The task » Your answer should be the exact lines of the records, starting with the one containing "by (simp add: mult.commute[of" and running to the end.

**** Input data ****

(* Let $\alpha>0$. Let $u_0:\mathbb{R}\to[0,1]$ be uniformly continuous with $u_0>0$ on $\mathbb{R}$, $\liminf_{x\to-\infty}u_0>0$, $\lim_{x\to+\infty}u_0=0$, of class $C^2$ and nonincreasing on $[\xi_0,+\infty)$ for some $\xi_0>0$, and such that $\varphi_0:=-\ln u_0$ satisfies $\varphi_0'=o(\varphi_0^{-\alpha})$ and $\varphi_0''=o(\varphi_0')$ as $x\to+\infty$. Let $\rho>0$ and define $$w(t,x):=\exp\Big\{1-\big[(1+\varphi_0(x))^{\alpha+1}-\rho(\alpha+1)t\big]^{\frac{1}{\alpha+1}}\Big\},\qquad x_0(t):=\sup\Big\{x\in\mathbb{R}: u_0(x)=\exp\big(1-(\rho(\alpha+1)t+1)^{\frac{1}{\alpha+1}}\big)\Big\}.$$ Then for any small $\varepsilon>0$ there exists $t^\#>0$, depending on $\varepsilon$, such that $$|w_{xx}(t,x)|<\varepsilon\frac{w(t,x)}{(1-\ln w(t,x))^\alpha}\quad\text{for all } x\ge x_0(t)\text{ and } t\ge t^\#.$$
   Context: $w$ solves $w_t=\rho\, w/(1-\ln w)^\alpha$ with $w(0,\cdot)=u_0$; one has $w(t,x_0(t))=1$ and $0<w(t,x)\le1$ for $x\ge x_0(t)$. *)

theory Defs
  imports "HOL-Analysis.Analysis" "HOL-Library.Landau_Symbols"
begin

definition wfun :: "real \<Rightarrow> real \<Rightarrow> (real \<Rightarrow> real) \<Rightarrow> real \<Rightarrow> real \<Rightarrow> real" where
  "wfun \<alpha> \<rho> u0 t x =
     exp (1 - ((1 + (- ln (u0 x))) powr (\<alpha> + 1) - \<rho> * (\<alpha> + 1) * t) powr (1 / (\<alpha> + 1)))"

definition x0fun :: "real \<Rightarrow> real \<Rightarrow> (real \<Rightarrow> real) \<Rightarrow> real \<Rightarrow> real" where
  "x0fun \<alpha> \<rho> u0 t =
     Sup {x. u0 x = exp (1 - (\<rho> * (\<alpha> + 1) * t + 1) powr (1 / (\<alpha> + 1)))}"

end

theory Submission
  imports Defs
begin

(* Write phi0 = - ln u0, c = rho (alpha + 1) t and Phi_c s = exp (1 - ((1 + s)^(alpha+1) - c)^(1/(alpha+1))),
   so that w(t,.) = Phi_c o phi0.  Because Phi_c' = - Phi_c (1 + s)^alpha / Lambda^alpha with
   Lambda = 1 - ln Phi_c, the chain rule writes w_xx / (w / (1 - ln w)^alpha) as a combination of
   ((1 + phi0)^alpha phi0')^2, (1 + phi0)^(alpha-1) phi0'^2 and (1 + phi0)^alpha phi0'' whose coefficients
   are bounded by 1 + alpha as soon as Lambda >= 1.  The hypotheses on phi0' and phi0'' make these
   three quantities O(delta) beyond some point X.  For large t the level defining x0(t) drops below
   u0(X), so x0(t) >= X, and for x >= x0(t) monotonicity gives w <= 1, i.e. Lambda >= 1. *)

lemma deriv_deriv_compose:
  fixes f g f' g' f'' g'' :: "real \<Rightarrow> real"
  assumes "open S" "open T" "x \<in> S" "g x \<in> T"
    and g': "\<And>y. y \<in> S \<Longrightarrow> (g has_real_derivative g' y) (at y)"
    and g'': "(g' has_real_derivative g'' x) (at x)"
    and f': "\<And>s. s \<in> T \<Longrightarrow> (f has_real_derivative f' s) (at s)"
    and f'': "(f' has_real_derivative f'' (g x)) (at (g x))"
  shows "deriv (deriv (\<lambda>y. f (g y))) x = f'' (g x) * (g' x)\<^sup>2 + f' (g x) * g'' x"
proof -
  define S' where "S' = S \<inter> g -` T"
  have "continuous_on S g"
    using g' by (meson DERIV_isCont continuous_at_imp_continuous_on)
  then have "open S'" "x \<in> S'"
    using assms(1-4) by (auto simp: S'_def intro: continuous_open_preimage)
  have first: "f' (g y) * g' y = deriv (\<lambda>y. f (g y)) y" if "y \<in> S'" for y
    using that by (intro DERIV_imp_deriv[symmetric] DERIV_chain2[OF f' g']) (auto simp: S'_def)
  have "((\<lambda>y. f' (g y) * g' y) has_real_derivative
           f'' (g x) * g' x * g' x + f' (g x) * g'' x) (at x)"
    using DERIV_mult[OF DERIV_chain2[OF f'' g'] g''] assms(3)
    by (simp add: mult.commute[of "g'' x"])
  then have "(deriv (\<lambda>y. f (g y)) has_real_derivative
                f'' (g x) * g' x * g' x + f' (g x) * g'' x) (at x)"
    by (rule has_field_derivative_transform_within_open[OF _ \<open>open S'\<close> \<open>x \<in> S'\<close> first])
  then show ?thesis
    by (simp add: DERIV_imp_deriv power2_eq_square)
qed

****

Answer space »
    by (simp add: mult.commute[of "g'' x"])
  then have "(deriv (\<lambda>y. f (g y)) has_real_derivative
                f'' (g x) * g' x * g' x + f' (g x) * g'' x) (at x)"
    by (rule has_field_derivative_transform_within_open[OF _ \<open>open S'\<close> \<open>x \<in> S'\<close> first])
  then show ?thesis
    by (simp add: DERIV_imp_deriv power2_eq_square)
qed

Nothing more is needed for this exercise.